While we can't keep up with all the normalization procedures it would be nice to have the ability to do some simple ones on a per display basis (e.g. cpm, normalize expression within a cell to one, etc) to better show datasets side by side.

adkinsrs commented 2 months ago

Just to have it on paper, the reason we are asking users to specify if their data is raw or normalized before uploading is to ensure we can do things like this. Many of the early datasets do not have such information so we have to treat them all as "raw" (except the hardcoded datasets)

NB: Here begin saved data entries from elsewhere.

definition gapletter :: "nat \<Rightarrow> nat list \<Rightarrow> nat \<Rightarrow> bool" where
  "gapletter k u c \<longleftrightarrow> c \<in> set u \<and> (\<exists>a\<in>set u. rk k (set u) a < rk k (set u) c \<and>
      c \<noteq> (a + 1) mod (k + 1) \<and>
      \<not> (\<exists>b\<in>set u. rk k (set u) a < rk k (set u) b \<and> rk k (set u) b < rk k (set u) c))"

definition umin :: "nat \<Rightarrow> nat list \<Rightarrow> nat \<Rightarrow> bool" where
  "umin k u c \<longleftrightarrow> gapletter k u c \<and> (\<forall>c'. gapletter k u c' \<longrightarrow> rk k (set u) c \<le> rk k (set u) c')"

definition wconn :: "nat \<Rightarrow> nat list \<Rightarrow> bool" where
  "wconn k u \<longleftrightarrow> kconn k u \<or> (\<exists>c. umin k u c \<and> count_list u c = 2)"

definition Vset :: "nat \<Rightarrow> nat \<Rightarrow> int \<Rightarrow> nat list set" where
  "Vset k r i = {u. isV k u \<and> length u = r \<and> int (asc k u) = i}"

definition Uset :: "nat \<Rightarrow> nat \<Rightarrow> int \<Rightarrow> nat list set" where
  "Uset k r i = {u. isU k u \<and> length u = r \<and> int (asc k u) = i}"

definition Uwc :: "nat \<Rightarrow> nat \<Rightarrow> int \<Rightarrow> nat list set" where
  "Uwc k r i = {u \<in> Uset k r i. wconn k u}"

definition Unwcleft :: "nat \<Rightarrow> nat \<Rightarrow> int \<Rightarrow> nat list set" where
  "Unwcleft k r i = {u \<in> Uset k r i. \<not> wconn k u \<and>
     (\<exists>c. umin k u c \<and> count_list u c = 1 \<and> (\<exists>p. Ushape k u p \<and> c \<in> set (take (Suc p) u)))}"

end

theory Submission
  imports Defs
begin

(* Commutations of non-adjacent letters reorder any word in which no letter is later followed by
   its successor mod k + 1, and listing a proper subset S decreasingly in the order I_S is such a
   word.  Hence, modulo the relations, d_A i_B is the word listing A decreasingly and then B
   increasingly in I_(A u B), so h_a e_b is the sum of the valley words of length a + b whose first
   a letters decrease and last b letters increase.  Comparing the two letters at the split point,
   a valley word is a V-word with b or b - 1 ascents or a U-word with b - 1 ascents, and the
   alternating sum defining s_(r-i,1^i) telescopes to V_i + sum_j (-1)^j U_(i-j-1).

   In a U-word that is not weakly connected, u_min occurs once.  If it lies on the right side, it
   commutes with every smaller letter (none is its predecessor, since it closes a gap), so it can
   be moved to the left side without changing the element of A_k; this is a bijection onto the
   left case with one ascent less.  Thus U_t = U_(t,wc) + U_(t,left) + U_(t-1,left), and a second
   telescoping gives the theorem. *)

section \<open>Congruence modulo the defining relations\<close>

lemma Aeq_refl: "Aeq k p p"
  unfolding Aeq_def using relideal.zero[of k] by simp

lemma Aeq_sym: assumes "Aeq k p q" shows "Aeq k q p"
proof -
  have "(\<lambda>w. - (p w - q w)) \<in> relideal k"
    using assms unfolding Aeq_def by (rule relideal.neg)
  then show ?thesis unfolding Aeq_def by simp
qed

lemma Aeq_trans: assumes "Aeq k p q" "Aeq k q s" shows "Aeq k p s"
proof -
  have "(\<lambda>w. (p w - q w) + (q w - s w)) \<in> relideal k"
    using assms unfolding Aeq_def by (rule relideal.add)
  then show ?thesis unfolding Aeq_def by simp
qed

lemma Aeq_add:
  assumes "Aeq k p q" "Aeq k p' q'"
  shows "Aeq k (\<lambda>w. p w + p' w) (\<lambda>w. q w + q' w)"
proof -
  have "(\<lambda>w. (p w - q w) + (p' w - q' w)) \<in> relideal k"
    using assms unfolding Aeq_def by (rule relideal.add)
  then show ?thesis unfolding Aeq_def by (simp add: algebra_simps)
qed

lemma relideal_smult:
  assumes "p \<in> relideal k" shows "(\<lambda>w. c * p w) \<in> relideal k"
proof -
  have nat_smult: "(\<lambda>w. int n * p w) \<in> relideal k" for n
  proof (induction n)
    case 0
    show ?case using relideal.zero[of k] by simp
  next
    case (Suc n)
    from relideal.add[OF Suc assms] show ?case by (simp add: algebra_simps)
  qed
  show ?thesis
  proof (cases "c \<ge> 0")
    case True
    then show ?thesis using nat_smult[of "nat c"] by simp
  next
    case False
    then show ?thesis using relideal.neg[OF nat_smult[of "nat (- c)"]] by simp
  qed
qed

lemma Aeq_smult: assumes "Aeq k p q" shows "Aeq k (\<lambda>w. c * p w) (\<lambda>w. c * q w)"
  using relideal_smult[of "\<lambda>w. p w - q w" k c] assms unfolding Aeq_def
  by (simp add: right_diff_distrib)

lemma Aeq_sum:
  assumes "finite I" "\<And>x. x \<in> I \<Longrightarrow> Aeq k (F x) (G x)"
  shows "Aeq k (\<lambda>w. \<Sum>x\<in>I. F x w) (\<lambda>w. \<Sum>x\<in>I. G x w)"
  using assms
proof (induction I rule: finite_induct)
  case empty
  show ?case by (simp add: Aeq_refl)
next
  case (insert x I)
  then have "Aeq k (\<lambda>w. F x w + (\<Sum>x\<in>I. F x w)) (\<lambda>w. G x w + (\<Sum>x\<in>I. G x w))"
    by (intro Aeq_add) auto
  with insert show ?case by simp
qed
lemma lasso_support_le_prediction_error:
  fixes S :: "real^'n^'n"
  assumes "pos_def S" and "\<xi> > 0"
    and min: "\<forall>\<theta>. lasso_obj S \<theta>0 \<xi> \<theta> \<ge> lasso_obj S \<theta>0 \<xi> \<theta>hat"
  shows "real (l0norm \<theta>hat) * \<xi>\<^sup>2 \<le> spec_norm S * ((\<theta>hat - \<theta>0) \<bullet> (S *v (\<theta>hat - \<theta>0)))"
proof -
  define r where "r = S *v (\<theta>hat - \<theta>0)"
  have "real (l0norm \<theta>hat) * \<xi>\<^sup>2 = (\<Sum>i\<in>{i. \<theta>hat $ i \<noteq> 0}. \<xi>\<^sup>2)"
    by (simp add: l0norm_def)
  also have "\<dots> \<le> (\<Sum>i\<in>{i. \<theta>hat $ i \<noteq> 0}. (r $ i)\<^sup>2)"
  proof (rule sum_mono)
    fix i assume "i \<in> {i. \<theta>hat $ i \<noteq> 0}"
    then have "\<xi> \<le> \<bar>r $ i\<bar>"
      using lasso_minimizer_active_coordinate[OF assms(1) min] by (simp add: r_def)
    then show "\<xi>\<^sup>2 \<le> (r $ i)\<^sup>2"
      using power_mono[of \<xi> "\<bar>r $ i\<bar>" 2] \<open>\<xi> > 0\<close> by simp
  qed
  also have "\<dots> \<le> (norm r)\<^sup>2" by (rule sum_square_le_norm)
  also have "\<dots> \<le> spec_norm S * ((\<theta>hat - \<theta>0) \<bullet> (S *v (\<theta>hat - \<theta>0)))"
    unfolding r_def by (rule norm_matrix_vector_le_spec_norm[OF \<open>pos_def S\<close>])
  finally show ?thesis .
qed

theorem lemma3p1:
  fixes \<Sigma> :: "real ^ 'n ^ 'n" and \<theta>0 \<theta>hat :: "real ^ 'n" and \<xi> :: real
  assumes "pos_def \<Sigma>"
    and "\<xi> > 0"
    and "\<forall>\<theta>. lasso_obj \<Sigma> \<theta>0 \<xi> \<theta> \<ge> lasso_obj \<Sigma> \<theta>0 \<xi> \<theta>hat"
    and "\<forall>\<theta>'. (\<forall>\<theta>. lasso_obj \<Sigma> \<theta>0 \<xi> \<theta> \<ge> lasso_obj \<Sigma> \<theta>0 \<xi> \<theta>') \<longrightarrow> \<theta>' = \<theta>hat"
  shows "real (l0norm \<theta>hat)
           \<le> (1 + 4 * spec_norm \<Sigma> / kappa \<Sigma> (l0norm \<theta>0) 1) * real (l0norm \<theta>0)"
proof -
  define k s0 where "k = kappa \<Sigma> (l0norm \<theta>0) 1" and "s0 = real (l0norm \<theta>0)"
  have "real (l0norm \<theta>hat) * \<xi>\<^sup>2 \<le> spec_norm \<Sigma> * (4 * \<xi>\<^sup>2 * s0 / k)"
    using lasso_support_le_prediction_error[OF assms(1-3)]
      mult_left_mono[OF lasso_prediction_error_le[OF assms(1-3)] spec_norm_nonneg[of \<Sigma>]]
    unfolding k_def s0_def by linarith
  also have "\<dots> = (4 * spec_norm \<Sigma> * s0 / k) * \<xi>\<^sup>2" by simp
  finally have "real (l0norm \<theta>hat) \<le> 4 * spec_norm \<Sigma> * s0 / k"
    using \<open>\<xi> > 0\<close> by (metis mult_le_cancel_right_pos zero_less_power)
  also have "\<dots> \<le> (1 + 4 * spec_norm \<Sigma> / k) * s0"
    by (simp add: s0_def algebra_simps)
  finally show ?thesis by (simp add: k_def s0_def)
qed

end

Seems to me this "normalizing" makes more sense in the expression/projection panels rather than in the curator. Instead of having the user save a curation under a certain normalization configuration, we provide a normalize checkbox along with raw/log2/log10 option, and when rendering displays, we normalize based on the dataset's math setting from uploading. @JPReceveur @jorvis thoughts?

Alternatively, @JPReceveur are you suggesting that we have some options such as normalizing counts per cell in a single dataset before plotting? Seems that this ticket may be more of a hybrid solution

JPReceveur commented 2 months ago

Yeah, I was thinking more of the second one (a lot of the issues around the first point go away once we explicitly are asking people about any transformations or normalizations done prior to upload). Transformations, you can do some math to get back to the initial values but thats not always true for normalizations, we wouldn't always be able to get back to raw data given an upload of normalized data even knowing the method they used.

From a use case perspective, mostly I was thinking about a way for someone to collect datasets with initially different transformations (or no transformations in the case of raw) in one collection and have a way to see the same normalization and transformation across the dataset collection.

adkinsrs commented 2 months ago

Thinking the easiest way to do this would be to implement some of the scanpy "preprocessing" functions, such as normalizing counts per cell. @JPReceveur besides that, and maybe scaling to center around zero mean, are there any others you would be interested in? The "Recipes" section may be good as an all-in-one solution

https://scanpy.readthedocs.io/en/stable/api.html#module-scanpy.pp

JPReceveur commented 2 months ago

For https://scanpy.readthedocs.io/en/stable/generated/scanpy.pp.normalize_total.html if both sum to 1 and sum to target_sum=1e6 options (e.g. CPM) are there that would cover a lot of people's use cases. Maybe see if Carlo/ Brian have thoughts on other useful ones? Including the filtering and other options in their preprocessing section might be a bit of overkill.

adkinsrs commented 2 months ago

At the gEAR meeting, @jorvis suggested normalization transformation options could be better applicable in the dataset explorer. If the user is applying normalization to one curation, there is a good chance they will apply it to all curations.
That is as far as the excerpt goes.